External calls follow this path to reach the Vault:

  • OrderBook.executeIncreaseOrder
    • Router.pluginIncreasePosition
      • Vault.increasePosition

The decreasePosition flow follows a similar pattern.

The Vault.increasePosition function checks that isLeverageEnabled equals True to verify that the call occurs between Timelock.enableLeverage and Timelock.disableLeverage. This check proved insufficient.

contract Vault {
    // function has no msg.sender check.
    // Assumes caller transfers tokens or at least the caller is trusted.
    function increasePosition(
        address _account,
        address _collateralToken,
        address _indexToken,
        uint256 _sizeDelta,
        bool _isLong
    ) external override nonReentrant {
        _validate(isLeverageEnabled, 28); // this will be bypassed
        _validateGasPrice();
        _validateRouter(_account);
        ...
    ...
}

During Vault.decreasePosition, the contract transfers collateral tokens for closed positions. When the collateral token is WETH, the system withdraws ETH and transfers it to the user’s account. Notably, these WETH operations occur outside the Vault contract.

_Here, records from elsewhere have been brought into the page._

lemma coprime_if_no_common_root:
  fixes p q :: "complex poly"
  assumes "\<And>z. poly p z = 0 \<Longrightarrow> poly q z \<noteq> 0"
  shows "coprime p q"
proof -
  have no_root: "poly (gcd p q) z \<noteq> 0" for z
  proof
    assume "poly (gcd p q) z = 0"
    then have "[:- z, 1:] dvd gcd p q" by (simp add: poly_eq_0_iff_dvd)
    then have "[:- z, 1:] dvd p" "[:- z, 1:] dvd q"
      using dvd_trans[OF _ gcd_dvd1] dvd_trans[OF _ gcd_dvd2] by blast+
    then show False using assms[of z] by (simp add: poly_eq_0_iff_dvd)
  qed
  have "degree (gcd p q) = 0"
  proof (rule ccontr)
    assume "degree (gcd p q) \<noteq> 0"
    then have "\<not> constant (poly (gcd p q))" by (simp add: constant_degree)
    then obtain z where "poly (gcd p q) z = 0" using fundamental_theorem_of_algebra by blast
    with no_root show False by blast
  qed
  moreover have "gcd p q \<noteq> 0" using no_root by auto
  ultimately have "is_unit (gcd p q)" using is_unit_iff_degree by blast
  then show ?thesis using is_unit_gcd by blast
qed

lemma pcompose_uminus_x_eq_if_odd_coeff_0:
  fixes p :: "'a::comm_ring_1 poly"
  assumes "\<And>k. odd k \<Longrightarrow> coeff p k = 0"
  shows "p \<circ>\<^sub>p [:0, -1:] = p"
proof (rule poly_eqI)
  show "coeff (p \<circ>\<^sub>p [:0, -1:]) k = coeff p k" for k
    by (cases "even k") (simp_all add: coeff_pcompose_linear assms)
qed

lemma eq_0_if_even_multiple_of_binomial_minus_one:
  fixes U :: "complex poly"
  assumes deg: "degree U < n - 1"
    and even: "(U * ([:1, 1:] ^ n - 1)) \<circ>\<^sub>p [:0, -1:] = U * ([:1, 1:] ^ n - 1)"
  shows "U = 0"
proof -
  let ?R = "\<lambda>p. p \<circ>\<^sub>p [:0, -1:]"
  have "0 < n" using deg by simp
  then obtain h :: "complex poly"
    where g: "[:1, 1:] ^ n - 1 = [:0, 1:] * h" and h0: "poly h 0 = of_nat n"
      and degh: "degree h = n - 1"
    by (rule binomial_minus_one_factor)
  have "[:0, 1:] * (U * h) = [:0, 1:] * - (?R U * ?R h)"
    using even by (simp add: g pcompose_mult pcompose_pCons algebra_simps)
  then have Uh: "U * h = - (?R U * ?R h)" by simp
  have "coprime h (?R h)"
  proof (rule coprime_if_no_common_root)
    fix z assume hz: "poly h z = 0"
    show "poly (?R h) z \<noteq> 0"
    proof
      assume "poly (?R h) z = 0"
      then have "poly h (- z) = 0" by (simp add: poly_pcompose)
      then have "(1 + z) ^ n = 1" "(1 - z) ^ n = 1"
        using hz arg_cong[OF g, of "\<lambda>p. poly p z"] arg_cong[OF g, of "\<lambda>p. poly p (- z)"] by simp_all
      then have "z = 0" by (intro eq_0_if_plus_minus_roots_of_unity[OF \<open>0 < n\<close>])
      then show False using hz h0 \<open>0 < n\<close> by simp
    qed
  qed
  moreover have "h dvd ?R U * ?R h"
    using Uh by (metis dvd_minus_iff dvd_triv_right mult.commute)
  ultimately have "h dvd ?R U" by (simp add: coprime_dvd_mult_left_iff)
  moreover have "degree (?R U) < degree h"
    using deg degh by (simp add: degree_pcompose)
  ultimately have "?R U = 0" using dvd_imp_degree_le leD by blast
  then show "U = 0" by (rule pcompose_eq_0) simp
qed

lemma coeff_left_kernel_poly_odd_eq_0:
  fixes v :: "'a::comm_ring_1 vec"
  assumes "2 \<le> n" and v: "v \<in> carrier_vec (n - 2)"
    and kernel: "transpose_mat (binomial_band_mat n (n - 2)) *\<^sub>v v = 0\<^sub>v (n - 2)"
    and "odd m"
  shows "coeff ((\<Sum>i<n - 2. monom (v $ i) (Suc i)) * ([:1, 1:] ^ n - 1)) m = 0"
proof -
  define K where "K = n - 2"
  define B :: "'a mat" where "B = binomial_band_mat n K"
  define g :: "'a poly" where "g = [:1, 1:] ^ n - 1"
  define U where "U = (\<Sum>i<K. monom (v $ i) (Suc i))"
  have coeff_Ug: "coeff (U * g) m = (\<Sum>i<K. if m < Suc i then 0 else v $ i * coeff g (m - Suc i))" for m
    unfolding U_def sum_distrib_right coeff_sum coeff_monom_mult ..
  have coeff_g: "coeff g m = (if m = 0 then 0 else of_nat (n choose m))" for m
    unfolding g_def by (rule coeff_binomial_minus_one)
  have entry: "(if 2 * j + 3 < Suc i then 0 else v $ i * coeff g (2 * j + 3 - Suc i)) =
      B $$ (i, j) * v $ i" if "i < K" "j < K" for i j
  proof -
    consider "i \<le> 2 * j + 1" | "i = 2 * j + 2" | "2 * j + 2 < i" by linarith
    then show ?thesis
      by cases (use that in \<open>auto simp: B_def binomial_band_mat_def coeff_g Suc_diff_le\<close>)
  qed
  have column: "coeff (U * g) (2 * j + 3) = (transpose_mat B *\<^sub>v v) $ j" if "j < K" for j
  proof -
    have "coeff (U * g) (2 * j + 3) = (\<Sum>i<K. B $$ (i, j) * v $ i)"
      unfolding coeff_Ug by (rule sum.cong[OF refl], rule entry) (use that in auto)
    also have "\<dots> = (transpose_mat B *\<^sub>v v) $ j"
      using that v by (simp add: B_def K_def binomial_band_mat_def scalar_prod_def
        atLeast0LessThan mult.commute)
    finally show ?thesis .
  qed
  obtain j where m: "m = 2 * j + 1" using \<open>odd m\<close> oddE by blast
  consider "j = 0" | j' where "j = Suc j'" "j' < K" | j' where "j = Suc j'" "K \<le> j'"
    by (metis not0_implies_Suc not_le)
  then have "coeff (U * g) m = 0"
  proof cases
    case 1
    then show ?thesis unfolding m coeff_Ug by (intro sum.neutral) (auto simp: coeff_g)
  next
    case (2 j')
    then have "m = 2 * j' + 3" using m by simp
    then show ?thesis using column[of j'] kernel \<open>j' < K\<close> by (simp add: B_def K_def)
  next
    case 3
    have "degree U \<le> K"
      unfolding U_def by (intro degree_sum_le order.trans[OF degree_monom_le]) auto
    moreover have "degree g \<le> n" unfolding g_def by (rule degree_binomial_minus_one_le)
    ultimately have "degree (U * g) \<le> K + n"
      using degree_mult_le[of U g] by linarith
    then show ?thesis using 3 \<open>2 \<le> n\<close> by (intro coeff_eq_0) (simp add: m K_def)
  qed
  then show ?thesis by (simp add: U_def g_def K_def)
qed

The call flow proceeds as follows:

  • OrderBook.executeDecreaseOrder
    • Router.pluginDecreasePosition
      • Vault.decreasePosition
        1. ReentrancyGuard set to ENTERED
        2. Vault closes position
        3. Sends WETH to OrderBook
        4. ReentrancyGuard set to NOT_ENTERED
    • OrderBook withdraws ETH
    • Transfers ETH to user
      • User.receive is triggered
        • Vault.increasePosition (exploit)
          1. ReentrancyGuard confirms NOT_ENTERED
          2. ReentrancyGuard is set to ENTERED
          3. Attack continues…

The reentrancy guard in Vault starts as NOT_ENTERED, but the reentrant call occurs after this status has been reset, bypassing the protection.

Attack escalation

The direct Vault.increasePosition call bypasses ShortsTracker.updateGlobalShortData, causing GlpManager.getAum to return inflated values and artificially increase the GLP token price.

Attack sequence:

  1. Re-enter through the open entry point
  2. Add liquidity to obtain GLP tokens
  3. Call increasePosition to manipulate the GLP token price upward
  4. Remove liquidity at the inflated GLP token price

Operational details

The attacker utilises RewardRouterV2.mintAndStakeGlp because GLPManager.inPrivateMode is enabled, preventing direct calls to GLPManager.addLiquidity.

The attacker used a flash loan with USDC in fallback function to create a large WBTC short position.

Summary

The attack succeeded due to fragmented data responsibility across contracts. Critical state information was split between ShortsTracker and Vault, rendering the reentrancy guard ineffective. This architectural vulnerability allowed attackers to manipulate GLP token prices through carefully orchestrated re-entrant calls, enabling the multimillion exploit.